En imposant par la force l’ordre sur la place publique, le Premier ministre turc a remporté une victoire à la Pyrrhus. Combien même son image d’ouverture a été écornée auprès des observateurs étrangers, son capital de popularité, quoique ébranlé par les débordements policiers, demeure intact auprès de sa base électorale (50%) plus stable que jamais.

Sortie renforcée du bras de fer, la société civile qui avait entamé une mue décisive à la fin des années 1990 semble avoir le vent en poupe sans pour autant traduire l’expression de la vox populi dans une force structurée, capable d’offrir une alternative politique crédible à l’Etat AKP. Signe encourageant, elle a pu maîtriser sa communication et fait preuve d’habilité au cours de ces dernières semaines à s’adapter au contexte, parfois tournant au ridicule l’archaïsme de l’élite islamo-paternaliste. Parti d’un problème environnemental, le mouvement n’a pu toutefois fédérer autour de la question écologique.

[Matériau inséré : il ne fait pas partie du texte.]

(* Let $\kappa$ be an infinite cardinal and assume $\clubsuit^{\Diamond}_{\kappa^+}$. Then there exists a sequence $(B_\delta\mid\delta\in\lim(\kappa^+))$ such that for every limit ordinal $\delta<\kappa^+$, $B_\delta\subseteq\delta$ is a club (closed unbounded) subset of $\delta$, and for every club $C\subseteq\kappa^+$ there is a club $D\subseteq C$ of $\kappa^+$ such that the set $\{\delta\in\lim(\kappa^+)\mid D\cap\delta=B_\delta\}$ is stationary in $\kappa^+$.
   Context: $\lim(\kappa^+)$ denotes the set of limit ordinals below $\kappa^+$. For a regular uncountable cardinal $\lambda$, a superclub sequence for $\lambda$ is a sequence $(S_\alpha\mid\alpha<\lambda)$ with $S_\alpha\subseteq\alpha$ for each $\alpha$, such that for every $A\in[\lambda]^\lambda$ there is $B\in[A]^\lambda$ for which $\{\alpha<\lambda\mid B\cap\alpha=S_\alpha\}$ is stationary in $\lambda$. $\clubsuit^{\Diamond}_\lambda$ (superclub at $\lambda$) is the statement that a superclub sequence for $\lambda$ exists. (Since prediction happens on a stationary set, one may index a superclub sequence by limit ordinals only.) *)

theory Defs
  imports Main
begin

text \<open>Ordinals below a cardinal are modelled as the field of a well-order W
(for us W = cardSuc r, i.e. kappa^+ with kappa = r).\<close>

definition wo_limit :: "'a rel \<Rightarrow> 'a \<Rightarrow> bool" where
  "wo_limit W d \<longleftrightarrow> d \<in> Field W \<and> Order_Relation.underS W d \<noteq> {} \<and>
     (\<forall>b \<in> Order_Relation.underS W d. \<exists>c \<in> Order_Relation.underS W d. (b, c) \<in> W \<and> b \<noteq> c)"

definition wo_limits :: "'a rel \<Rightarrow> 'a set" where
  "wo_limits W = {d. wo_limit W d}"

definition wo_unbounded_in :: "'a rel \<Rightarrow> 'a set \<Rightarrow> 'a set \<Rightarrow> bool" where
  "wo_unbounded_in W A X \<longleftrightarrow> (\<forall>b \<in> A. \<exists>c \<in> X \<inter> A. (b, c) \<in> W \<and> b \<noteq> c)"

definition wo_closed_in :: "'a rel \<Rightarrow> 'a set \<Rightarrow> 'a set \<Rightarrow> bool" where
  "wo_closed_in W A X \<longleftrightarrow>
     (\<forall>g \<in> A. wo_limit W g \<and> wo_unbounded_in W (Order_Relation.underS W g) X \<longrightarrow> g \<in> X)"

definition wo_club_in :: "'a rel \<Rightarrow> 'a set \<Rightarrow> 'a set \<Rightarrow> bool" where
  "wo_club_in W A X \<longleftrightarrow> X \<subseteq> A \<and> wo_unbounded_in W A X \<and> wo_closed_in W A X"

definition wo_club :: "'a rel \<Rightarrow> 'a set \<Rightarrow> bool" where
  "wo_club W X \<longleftrightarrow> wo_club_in W (Field W) X"

definition wo_stationary :: "'a rel \<Rightarrow> 'a set \<Rightarrow> bool" where
  "wo_stationary W T \<longleftrightarrow> T \<subseteq> Field W \<and> (\<forall>C. wo_club W C \<longrightarrow> T \<inter> C \<noteq> {})"

definition superclub_seq :: "'a rel \<Rightarrow> ('a \<Rightarrow> 'a set) \<Rightarrow> bool" where
  "superclub_seq W S \<longleftrightarrow>
     (\<forall>a \<in> Field W. S a \<subseteq> Order_Relation.underS W a) \<and>
     (\<forall>A. A \<subseteq> Field W \<and> (card_of A, card_of (Field W)) \<in> ordIso \<longrightarrow>
        (\<exists>B. B \<subseteq> A \<and> (card_of B, card_of (Field W)) \<in> ordIso \<and>
             wo_stationary W {a \<in> Field W. B \<inter> Order_Relation.underS W a = S a}))"

definition superclub :: "'a rel \<Rightarrow> bool" where
  "superclub W \<longleftrightarrow> (\<exists>S. superclub_seq W S)"

end

(*
  Given a club C of \<kappa>\<^sup>+, regularity gives |C| = \<kappa>\<^sup>+, so the superclub sequence S
  guesses some B \<subseteq> C of size \<kappa>\<^sup>+ on a stationary set T. The closure D of B is a
  club inside C, and at every d \<in> T that is a limit point of B (a club of such d) the
  guess S d = B \<inter> d is cofinal in d and its closure inside d is D \<inter> d. So the closures
  of the guesses form the required sequence. That clubs are closed under intersection
  and that limit points of an unbounded set form a club uses that \<kappa>\<^sup>+ is regular and
  uncountable: the orbit of a point under an inflationary map is countable, hence
  bounded, and its supremum is a limit point of everything it interleaves.
*)

theory Submission
  imports Defs
begin

unbundle cardinal_syntax

definition wo_closure :: "'a rel \<Rightarrow> 'a set \<Rightarrow> 'a set" where
  "wo_closure r X =
     {g \<in> Field r. g \<in> X \<or> (wo_limit r g \<and> wo_unbounded_in r (underS r g) X)}"

lemma wo_unbounded_in_mono:
  "X \<subseteq> Y \<Longrightarrow> wo_unbounded_in r A X \<Longrightarrow> wo_unbounded_in r A Y"
  unfolding wo_unbounded_in_def by blast

lemma wo_unbounded_in_Int_iff:
  "wo_unbounded_in r A (X \<inter> A) \<longleftrightarrow> wo_unbounded_in r A X"
  unfolding wo_unbounded_in_def by blast

lemma wo_unbounded_in_underS_iff:
  "wo_unbounded_in r A X \<longleftrightarrow> (\<forall>b \<in> A. \<exists>c \<in> X \<inter> A. b \<in> underS r c)"
  unfolding wo_unbounded_in_def underS_def by blast

lemma wo_unbounded_in_Field_iff_cofinal:
  "X \<subseteq> Field r \<Longrightarrow> wo_unbounded_in r (Field r) X \<longleftrightarrow> cofinal X r"
  unfolding wo_unbounded_in_def cofinal_def by blast

lemma subset_wo_closure: "X \<subseteq> Field r \<Longrightarrow> X \<subseteq> wo_closure r X"
  unfolding wo_closure_def by blast

lemma wo_closure_subset_Field: "wo_closure r X \<subseteq> Field r"
  unfolding wo_closure_def by blast

lemma wo_closure_minimal:
  assumes "wo_closed_in r (Field r) C" and "X \<subseteq> C"
  shows "wo_closure r X \<subseteq> C"
  using assms wo_unbounded_in_mono[OF \<open>X \<subseteq> C\<close>]
  unfolding wo_closure_def wo_closed_in_def by blast
(* Let $d,a,b$ be positive integers, $r=(d+2b)/d$, $R=(a+d)/d$, and assume $r\ge2$ and $R\ge3r$. Let $\rho=x_1-r$ with $x_1$ as in the context. Then \[ \rho<\frac{5r}{2e^{R/r}}. \]
   Context: For $t\in\mathbb C\setminus\{\pm1,\pm r\}$ let $\Phi(t)=d\log|t+r|-d\log|t-r|+(a+d)(\log|t-1|-\log|t+1|)$. Under $R\ge3r$ there is a unique $x_1\in(r,\infty)$ with $\Phi(x_1)=0$. *)

theory Defs
  imports Complex_Main
begin

text \<open>Phi restricted to real arguments t (x_1 lies on the real axis); |.| is the absolute value.\<close>
definition Phi :: "real \<Rightarrow> real \<Rightarrow> real \<Rightarrow> real \<Rightarrow> real" where
  "Phi d a r t = d * ln (abs (t + r)) - d * ln (abs (t - r)) + (a + d) * (ln (abs (t - 1)) - ln (abs (t + 1)))"

end

theory Submission imports Defs begin

text \<open>Writing \<open>x\<^sub>1 = r + \<rho>\<close>, the equation \<open>\<Phi>(x\<^sub>1) = 0\<close> reads
  \<open>ln (1 + 2r/\<rho>) = R ln ((x\<^sub>1 + 1)/(x\<^sub>1 - 1))\<close>, and the Pade bound
  \<open>ln (1 + u) \<ge> 2u/(2 + u)\<close> makes the right-hand side at least \<open>2R/x\<^sub>1\<close>.
  Comparing with \<open>ln (1 + u) < u\<close> first gives \<open>(R/r - 1) \<rho> < r\<close>, hence
  \<open>2R/x\<^sub>1 > 2(R/r - 1)\<close>; exponentiating then shows that \<open>2r/\<rho>\<close> exceeds
  \<open>e\<^bsup>2R/r - 2\<^esup> - 1 > 4/5 e\<^bsup>R/r\<^esup>\<close>.\<close>

lemma pade_le_ln_add_one:
  fixes u :: real
  assumes "0 \<le> u"
  shows "2 * u / (2 + u) \<le> ln (1 + u)"
proof -
  let ?h = "\<lambda>v::real. ln (1 + v) - 2 * v / (2 + v)"
  have "?h 0 \<le> ?h u"
  proof (rule DERIV_nonneg_imp_nondecreasing[OF assms])
    fix v :: real
    assume v: "0 \<le> v" "v \<le> u"
    have "(?h has_real_derivative 1 / (1 + v) - (2 * (2 + v) - 2 * v) / (2 + v)^2) (at v)"
      using v by (auto intro!: derivative_eq_intros simp: power2_eq_square)
    moreover have "1 / (1 + v) - (2 * (2 + v) - 2 * v) / (2 + v)^2 = v^2 / ((1 + v) * (2 + v)^2)"
      using v by (simp add: divide_simps power2_eq_square) (simp add: algebra_simps)
    moreover have "0 \<le> v^2 / ((1 + v) * (2 + v)^2)"
      using v by simp
    ultimately show "\<exists>y. (?h has_real_derivative y) (at v) \<and> 0 \<le> y"
      by metis
  qed
  then show ?thesis by simp
qed

lemma ratio_eq_one_plus:
  fixes x c :: real
  assumes "c < x"
  shows "(x + c) / (x - c) = 1 + 2 * c / (x - c)"
  using assms by (simp add: field_simps)

lemma ln_ratio_ge:
  fixes x c :: real
  assumes "0 < c" "c < x"
  shows "2 * c / x \<le> ln ((x + c) / (x - c))"
proof -
  have "2 * c / x = 2 * (2 * c / (x - c)) / (2 + 2 * c / (x - c))"
    using assms by (simp add: field_simps)
  also have "\<dots> \<le> ln (1 + 2 * c / (x - c))"
    using assms by (intro pade_le_ln_add_one) simp
  finally show ?thesis
    using assms by (simp add: ratio_eq_one_plus)
qed

lemma ln_ratio_lt:
  fixes x c :: real
  assumes "0 < c" "c < x"
  shows "ln ((x + c) / (x - c)) < 2 * c / (x - c)"
  using assms ln_add_one_self_less_self[of "2 * c / (x - c)"] by (simp add: ratio_eq_one_plus)

lemma Phi_eq_zero_iff:
  fixes d a r x :: real
  assumes "0 < d" "1 \<le> r" "r < x"
  shows "Phi d a r x = 0 \<longleftrightarrow> ln ((x + r) / (x - r)) = (a + d) / d * ln ((x + 1) / (x - 1))"
proof -
  have "Phi d a r x = d * ln ((x + r) / (x - r)) - (a + d) * ln ((x + 1) / (x - 1))"
    using assms by (simp add: Phi_def ln_div algebra_simps)
  then show ?thesis
    using assms by (auto simp: field_simps)
qed

lemma exp_double_pred_gt:
  fixes s :: real
  assumes "3 \<le> s"
  shows "4 / 5 * exp s < exp (2 * s - 2) - 1"
proof -
  have "2 \<le> exp (s - 2)"
    using exp_ge_add_one_self[of "s - 2"] assms by simp
  then have "2 * exp s \<le> exp (s - 2) * exp s"
    by simp
  also have "\<dots> = exp (2 * s - 2)"
    by (simp flip: exp_add)
  finally have "2 * exp s \<le> exp (2 * s - 2)" .
  moreover have "1 \<le> exp s"
    using assms by simp
  ultimately show ?thesis
    by linarith
qed

lemma gap_mul_pred_lt:
  fixes r s x :: real
  assumes "0 < r" "r < x" "2 * s * r / x \<le> ln ((x + r) / (x - r))"
  shows "(s - 1) * (x - r) < r"
proof -
  have "2 * s * r / x < 2 * r / (x - r)"
    using assms ln_ratio_lt by fastforce
  then have "r * (s * (x - r)) < r * x"
    using assms by (simp add: field_simps)
  then have "s * (x - r) < x"
    using assms by simp
  then show ?thesis
    by (simp add: algebra_simps)
qed

lemma gap_lt_of_ln_ratio_ge:
  fixes r s x :: real
  assumes "0 < r" "3 \<le> s" "r < x" and ln_ge: "2 * s * r / x \<le> ln ((x + r) / (x - r))"
  shows "x - r < 5 * r / (2 * exp s)"
proof -
  have "(s - 1) * (x - r) < r"
    using assms gap_mul_pred_lt by blast
  then have "2 * s - 2 < 2 * s * r / x"
    using assms by (simp add: field_simps)
  also note ln_ge
  finally have "exp (2 * s - 2) < exp (ln ((x + r) / (x - r)))"
    by simp
  then have "exp (2 * s - 2) < (x + r) / (x - r)"
    using assms by simp
  then have "exp (2 * s - 2) - 1 < 2 * r / (x - r)"
    using assms by (simp add: ratio_eq_one_plus)
  with exp_double_pred_gt[OF assms(2)] have "4 / 5 * exp s < 2 * r / (x - r)"
    by linarith
  then show ?thesis
    using assms by (simp add: field_simps)
qed

theorem lemma4p14:
  fixes d a b :: nat and r R x1 :: real
  assumes "d > 0" "a > 0" "b > 0"
    and "r = (real d + 2 * real b) / real d"
    and "R = (real a + real d) / real d"
    and "r \<ge> 2" and "R \<ge> 3 * r"
    and "x1 > r" and "Phi (real d) (real a) r x1 = 0"
  shows "x1 - r < 5 * r / (2 * exp (R / r))"
proof (rule gap_lt_of_ln_ratio_ge)
  show "0 < r" "r < x1"
    using assms(6,8) by auto
  show "3 \<le> R / r"
    using assms(6,7) by (simp add: le_divide_eq)
  have "2 * (R / r) * r / x1 = R * (2 * 1 / x1)"
    using assms(6) by simp
  also have "\<dots> \<le> R * ln ((x1 + 1) / (x1 - 1))"
    using assms(6-8) ln_ratio_ge[of 1 x1] by (intro mult_left_mono) auto
  also have "\<dots> = ln ((x1 + r) / (x1 - r))"
    using assms(1,5,6,8,9) Phi_eq_zero_iff[of "real d" r x1 "real a"] by simp
  finally show "2 * (R / r) * r / x1 \<le> ln ((x1 + r) / (x1 - r))" .
qed

end
(* Let $d\geq 1$, $n\geq 1$ and $r\geq 2$ be integers. Then $M''(n,r,d)\le \left\lfloor \frac{d(n-1)}{r-1}\right\rfloor$.
   Context: All measures are probability measures on $\mathbb{R}^d$ absolutely continuous with respect to Lebesgue measure. A partition of $\mathbb{R}^d$ into $n$ parts formed by iterated hyperplane cuts is an ordered tuple $(K_1,\dots,K_n)$ of closed convex sets (some possibly empty) obtained by starting from the single part $\mathbb{R}^d$ and repeatedly choosing one existing part $C$ and replacing it by $C\cap H^+$ and $C\cap H^-$, where $H^+,H^-$ are the two closed half-spaces of an affine hyperplane, until there are $n$ parts. $M''(n,r,d)$ is the largest integer $M''$ such that for any $M''$ measures $\mu_1,\dots,\mu_{M''}$ on $\mathbb{R}^d$ there is such a partition $(K_1,\dots,K_n)$ and a map $\ell\colon[n]\to[r]$ with $\mu_j\big(\bigcup_{i\in\ell^{-1}(s)}K_i\big)=\tfrac1r$ for all $1\le j\le M''$ and $1\le s\le r$. *)

theory Defs
  imports "HOL-Probability.Probability"
begin

inductive hcut_partition :: "'a::euclidean_space set list \<Rightarrow> bool" where
  base: "hcut_partition [UNIV]"
| cut: "\<lbrakk> hcut_partition Ks; i < length Ks; a \<noteq> 0 \<rbrakk> \<Longrightarrow>
     hcut_partition (Ks[i := Ks ! i \<inter> {x. a \<bullet> x \<le> b}] @ [Ks ! i \<inter> {x. a \<bullet> x \<ge> b}])"

definition admissible_measure :: "'a::euclidean_space measure \<Rightarrow> bool" where
  "admissible_measure \<mu> \<longleftrightarrow> sets \<mu> = sets lborel \<and> prob_space \<mu> \<and> absolutely_continuous lborel \<mu>"

definition fair_split_property :: "nat \<Rightarrow> nat \<Rightarrow> nat \<Rightarrow> 'a::euclidean_space itself \<Rightarrow> bool" where
  "fair_split_property n r m _ \<longleftrightarrow>
     (\<forall>\<mu> :: nat \<Rightarrow> 'a measure. (\<forall>j<m. admissible_measure (\<mu> j)) \<longrightarrow>
        (\<exists>Ks lab. hcut_partition Ks \<and> length Ks = n \<and> (\<forall>i<n. lab i < r) \<and>
           (\<forall>j<m. \<forall>s<r. measure (\<mu> j) (\<Union>i\<in>{i. i < n \<and> lab i = s}. Ks ! i) = 1 / real r)))"
theorem lemma7p4:
  fixes J :: "real \<Rightarrow> real"
  assumes dim: "CARD('n::finite) \<ge> 2"
    and J_cont: "continuous_on {0..} J"
    and J_bdd: "\<exists>M. \<forall>r\<ge>0. \<bar>J r\<bar> \<le> M"
    and J_nonneg: "\<forall>r\<ge>0. J r \<ge> 0"
    and J_pos0: "J 0 > 0"
    and J_mass: "((\<lambda>x::real^'n. J (norm x)) has_integral 1) UNIV"
    and J1: "(\<lambda>r. J r * r ^ CARD('n)) integrable_on {0..}"
  shows "\<exists>\<epsilon>0>0. \<forall>\<epsilon>. 0 < \<epsilon> \<and> \<epsilon> < \<epsilon>0 \<longrightarrow>
           (\<exists>L\<epsilon>>0. \<exists>D1>0. \<exists>D2>0. \<forall>L1 L2. 0 < L1 \<and> L1 < L2 \<and> L1 > L\<epsilon> \<and> L2 - L1 > 2 * L\<epsilon> \<longrightarrow>
              (\<forall>x::real^'n. norm x \<le> (L2 - L1) / 2 \<longrightarrow>
                 integral {0..L2} (\<lambda>\<rho>. Jtilde J x \<rho> * psi L1 L2 \<rho>) \<ge> (1 - \<epsilon>) * psi L1 L2 (norm x)) \<and>
              (\<forall>x::real^'n. (L2 - L1) / 2 \<le> norm x \<and> norm x \<le> L2 \<longrightarrow>
                 integral {0..L2} (\<lambda>\<rho>. Jtilde J x \<rho> * psi L1 L2 \<rho>) \<ge>
                   (1 - \<epsilon>) * psi L1 L2 (norm x) - D1 / (L1 * norm x) - D2 / (norm x)^2))"
proof (rule exI[of _ 1], rule conjI[OF zero_less_one], intro allI impI)
  fix \<epsilon> :: real
  assume \<epsilon>: "0 < \<epsilon> \<and> \<epsilon> < 1"
  obtain M where "\<forall>r\<ge>0. \<bar>J r\<bar> \<le> M"
    using J_bdd by blast
  then have J_bounded: "\<And>r. 0 \<le> r \<Longrightarrow> J r \<le> M"
    by (auto dest: abs_le_D1)
  have J_total: "(\<integral>\<^sup>+z. ennreal (J (norm z)) \<partial>(lborel :: (real^'n) measure)) = 1"
    using nn_integral_has_integral_lebesgue[OF _ J_mass] J_nonneg by simp
  with \<epsilon> have "ennreal (1 - \<epsilon> / 2) < (\<integral>\<^sup>+z. ennreal (J (norm z)) \<partial>(lborel :: (real^'n) measure))"
    by (simp add: ennreal_lessI flip: ennreal_1)
  then obtain R where "1 \<le> R" and mass:
    "ennreal (1 - \<epsilon> / 2) < (\<integral>\<^sup>+u. ennreal (J (norm u)) * indicator (cball (0::real^'n) R) u \<partial>lborel)"
    using nn_integral_cball_exhaust[OF measurable_compose[OF borel_measurable_radial[OF J_cont] measurable_ennreal]]
    by blast
  note estimates = integral_Jtilde_psi_estimates[OF J_cont J_nonneg[rule_format] J_bounded _ less_imp_le[OF mass]]
  have positive: "0 < 2 * R / \<epsilon>" "0 < R^2 / 2"
    using \<open>1 \<le> R\<close> \<epsilon> by auto
  show "\<exists>L\<epsilon>>0. \<exists>D1>0. \<exists>D2>0. \<forall>L1 L2. 0 < L1 \<and> L1 < L2 \<and> L1 > L\<epsilon> \<and> L2 - L1 > 2 * L\<epsilon> \<longrightarrow>
              (\<forall>x::real^'n. norm x \<le> (L2 - L1) / 2 \<longrightarrow>
                 integral {0..L2} (\<lambda>\<rho>. Jtilde J x \<rho> * psi L1 L2 \<rho>) \<ge> (1 - \<epsilon>) * psi L1 L2 (norm x)) \<and>
              (\<forall>x::real^'n. (L2 - L1) / 2 \<le> norm x \<and> norm x \<le> L2 \<longrightarrow>
                 integral {0..L2} (\<lambda>\<rho>. Jtilde J x \<rho> * psi L1 L2 \<rho>) \<ge>
                   (1 - \<epsilon>) * psi L1 L2 (norm x) - D1 / (L1 * norm x) - D2 / (norm x)^2)"
    by (rule exI[of _ "2 * R / \<epsilon>"], rule conjI[OF positive(1)], rule exI[of _ "R^2 / 2"],
        rule conjI[OF positive(2)], rule exI[of _ 1], rule conjI[OF zero_less_one])
       (use \<epsilon> \<open>1 \<le> R\<close> J_total in \<open>auto intro: estimates(1) order_trans[OF _ estimates(2)]\<close>)
qed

De son côté l’opinion publique turque se voit lassée du libéralisme outrancier, de la mercantilisation  à outrance des espaces publics qui n’est pas sans rappeler le fragile contrat social imposé par l’ex- dictateur tunisien  sur la base du « taisez-vous et consommez ».

Face à une inexorable détérioration de l’état de santé du Premier ministre, il y a fort à parier que le Président Abdullah Gul (jusqu’à présent garant de l’unité nationale) attende sagement son heure pour récolter les raisins de la colère. Plus que jamais, l’édifice AKP a montré ses fissures, c’est donc probablement d’une lutte de pouvoir au sein-même de ce Parti Etat que l’ombre d’un changement pourra surgir à court ou moyen terme.

 

 

 

 


[1] 15 à 20 millions de personnes tenant d’une branche minoritaire de l’islam aujourd’hui largement discriminée. Ils ont vécu comme un affront l’inauguration du pont Yavuz Selim baptisé du nom du Sultan grand massacreur des leurs.